For locksmiths serving healthcare customers, maintaining safe, code-compliant door openings is only one part of the equation. Providing patient privacy by securing medical records is also part of the job. They must be well-versed in requirements set forth by the Health Insurance Portability and Accountability Act (HIPAA) and Joint Commission on Accreditation of Healthcare Organizations (JCAHO) as well as building and life safety codes.

Originally HIPAA was introduced into law to reform insurance, not health care. HIPAA also enables privacy by establishing the individual's right to decide who, when, and how his or her medical records are disclosed.  Specific security concerns regarding HIPAA are: controlling access to medical records and accountability to ensure patient privacy.

The Health Insurance Portability and Accountability Act (HIPAA) lays out three rules for protecting patient health information: the Privacy Rule, the Security Rule and the Breach Notification Rule.

The HIPAA Privacy Rule pertains to all Protected Health Information (PHI) including paper and electronic. The Security Rule deals specifically with electronic recordkeeping and sharing.

HIPAA Rules and Regulations lay out three types of security safeguards required for compliance: administrative, physical, and technical. For each of these types, the HIPAA Privacy Rule identifies security standards, and for each standard, it names both required and addressable implementation specifications.

The HIPAA Rules and Regulations standards and specifications relating to locksmiths are as follows (there are far more requirements relating to training and oversight by medical staff):

  • Procedures should clearly identify employees or classes of employees who will have access to electronic protected health information (ePHI).  Access to ePHI must be restricted to only those employees need it to complete their job function.
  • The procedures must address access authorization, establishment, modification, and termination.
  • Procedures should document instructions for addressing and responding to security breaches that are identified either during the audit or the normal course of operations under HIPAA rules.
  • Physical Safeguards should be in place to control physical access to online and paper medical records,
  • Access to hardware and software must be limited to properly authorized individuals. When that hardware and software is taken out of service, it must be disposed of properly to ensure that PHI is not compromised.
  • Required access controls consist of facility security plans, maintenance records, and visitor sign-in and escorts.
  • If the covered entities utilize contractors or agents, they too must be fully trained on their physical access responsibilities.
  • Information systems housing PHI must be protected from intrusion.

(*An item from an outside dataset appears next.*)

(* Let $(X,d,G)$ be a $G$-system and $\{F_n\}$ a tempered Følner sequence of $G$. Then the maps $\mu\mapsto\overline{\mathrm{mdim}}_M(\mu,\{F_n\},d)$ and $\mu\mapsto\underline{\mathrm{mdim}}_M(\mu,\{F_n\},d)$ from $M(X,G)$ to $[0,+\infty]$ are upper semi-continuous (with respect to the weak* topology).
   Context: $G$ is a countably infinite discrete amenable group; $(X,d,G)$ a compact metric space with continuous $G$-action by homeomorphisms. Følner: nonempty finite $F_n$ with $|gF_n\triangle F_n|/|F_n|\to0$; tempered: $|\bigcup_{j<n}F_j^{-1}F_n|\le C|F_n|$ for some $C>0$. $M(X,G)$: invariant Borel probability measures (weak* ); $E(X,G)$: ergodic ones; $\mathrm{co}(E(X,G))$: finite convex combinations, uniquely written $\mu=\sum_j\lambda_j\mu_j$ with distinct ergodic $\mu_j$, $\lambda_j>0$. For a finite Borel partition $\alpha$, $h_\nu(G,\alpha)=\lim_n\frac1{|F_n|}H_\nu(\bigvee_{g\in F_n}g^{-1}\alpha)$; for ergodic $\nu$, $h_\nu(\epsilon)=\inf\{h_\nu(G,\alpha):\mathrm{diam}(\alpha)\le\epsilon\}$; $F(\mu,\epsilon)=\sum_j\lambda_jh_{\mu_j}(\epsilon)$. $M_G(\mu)$: families $(\mu_\epsilon)_{\epsilon>0}\subset\mathrm{co}(E(X,G))$ with $\mu_\epsilon\to\mu$ weak* as $\epsilon\to0$. $\overline{\mathrm{mdim}}_M(\mu,\{F_n\},d)=\sup_{(\mu_\epsilon)\in M_G(\mu)}\limsup_{\epsilon\to0}F(\mu_\epsilon,\epsilon)/\log\frac1\epsilon$ and $\underline{\mathrm{mdim}}_M(\mu,\{F_n\},d)$ is the same with $\liminf_{\epsilon\to0}$. (The paper allows equivalent choices of measure-theoretic $\epsilon$-entropy along $\{F_n\}$, e.g. upper Katok $\epsilon$-entropy, in place of $h_\nu(\epsilon)$.) *)

theory Defs
  imports "HOL-Analysis.Analysis" "HOL-Probability.Probability"
begin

When information flows over open networks, some form of encryption must be utilized if deemed appropriate and possible. If closed systems/networks are utilized, existing access controls are considered sufficient and encryption is optional.
  • Covered entities must make documentation of their HIPAA practices available to the government to determine compliance.

On the cybersecurity front, rules govern the paperless sharing of patient records. For physical security, securing file cabinets, installing locks in cabinets, upgrading door locks are typical examples. Some non-typical considerations relate to access and surveillance systems.

The list of persons having access and their PIN falls into information that must be protected using HIPAA requirements. When persons no longer need access to areas, they are to be immediately removed from access, so the management of the access system must be regulated using HIPAA requirements.

When the locksmith installs these types of systems, it is better for a customer administrator to manage these systems, rather than the locksmith. If the locksmith stores or keeps recorded media, where and how it is stored might become a HIPAA issue.

The locksmith’s role will be to help develop appropriate key control processes, select high-quality hardware and help clients ask the right questions to meet the many requirements.

While many larger hospitals will have on-staff locksmiths, think of all the smaller doctor and dental offices in your community. They can be a great market for the commercial locksmith. Electronic keys, such as the Cyberlock and Medeco XT systems, provide a broad selection of housings and adaptations, including SFIC options. These many adaptations are quite helpful in small to medium sized facilities that are likely to have whatever hardware came with the building.

Ask the Right Questions

  • Did you rekey when a key or credential-holder moved or left?
  • Do you have signed records of each key?
  • Are your medical records in a secured room and cabinet?
  • Does the lock have an audit trail? (Depends on risk and threat level)
  • Are your computer network and files adequately protected against unauthorized use?
  • Is your staff trained on HIPAA, HITECH and TJC regulations and consequences?
  • Are your business partners and vendors familiar with the above regulations?
  • Do you have a plan in place should a data breach occur?

Hospitals also need JCAHO accreditation to meet Medicare and certification and licensure requirements. Accreditation is a condition of reimbursement. 

Most JCAHO standards are clear and direct. These include:

  • Rooms where patient or employee records are stored are to be protected with a storeroom function lock. File cabinets used for the same purpose must be lockable.
  • Nursing stations must use separate drawers or cabinets to store medical records, needles and syringes and emergency medications.
  • Refrigerators designated for drugs must be locked at all times and under surveillance. No food can be stored in these refrigerators.
  • Medical carts must be locked with no one is in attendance.
  • All doors are to be self-latching.
  • In pediatric wards locks can be raised to prevent children from leaving without notice.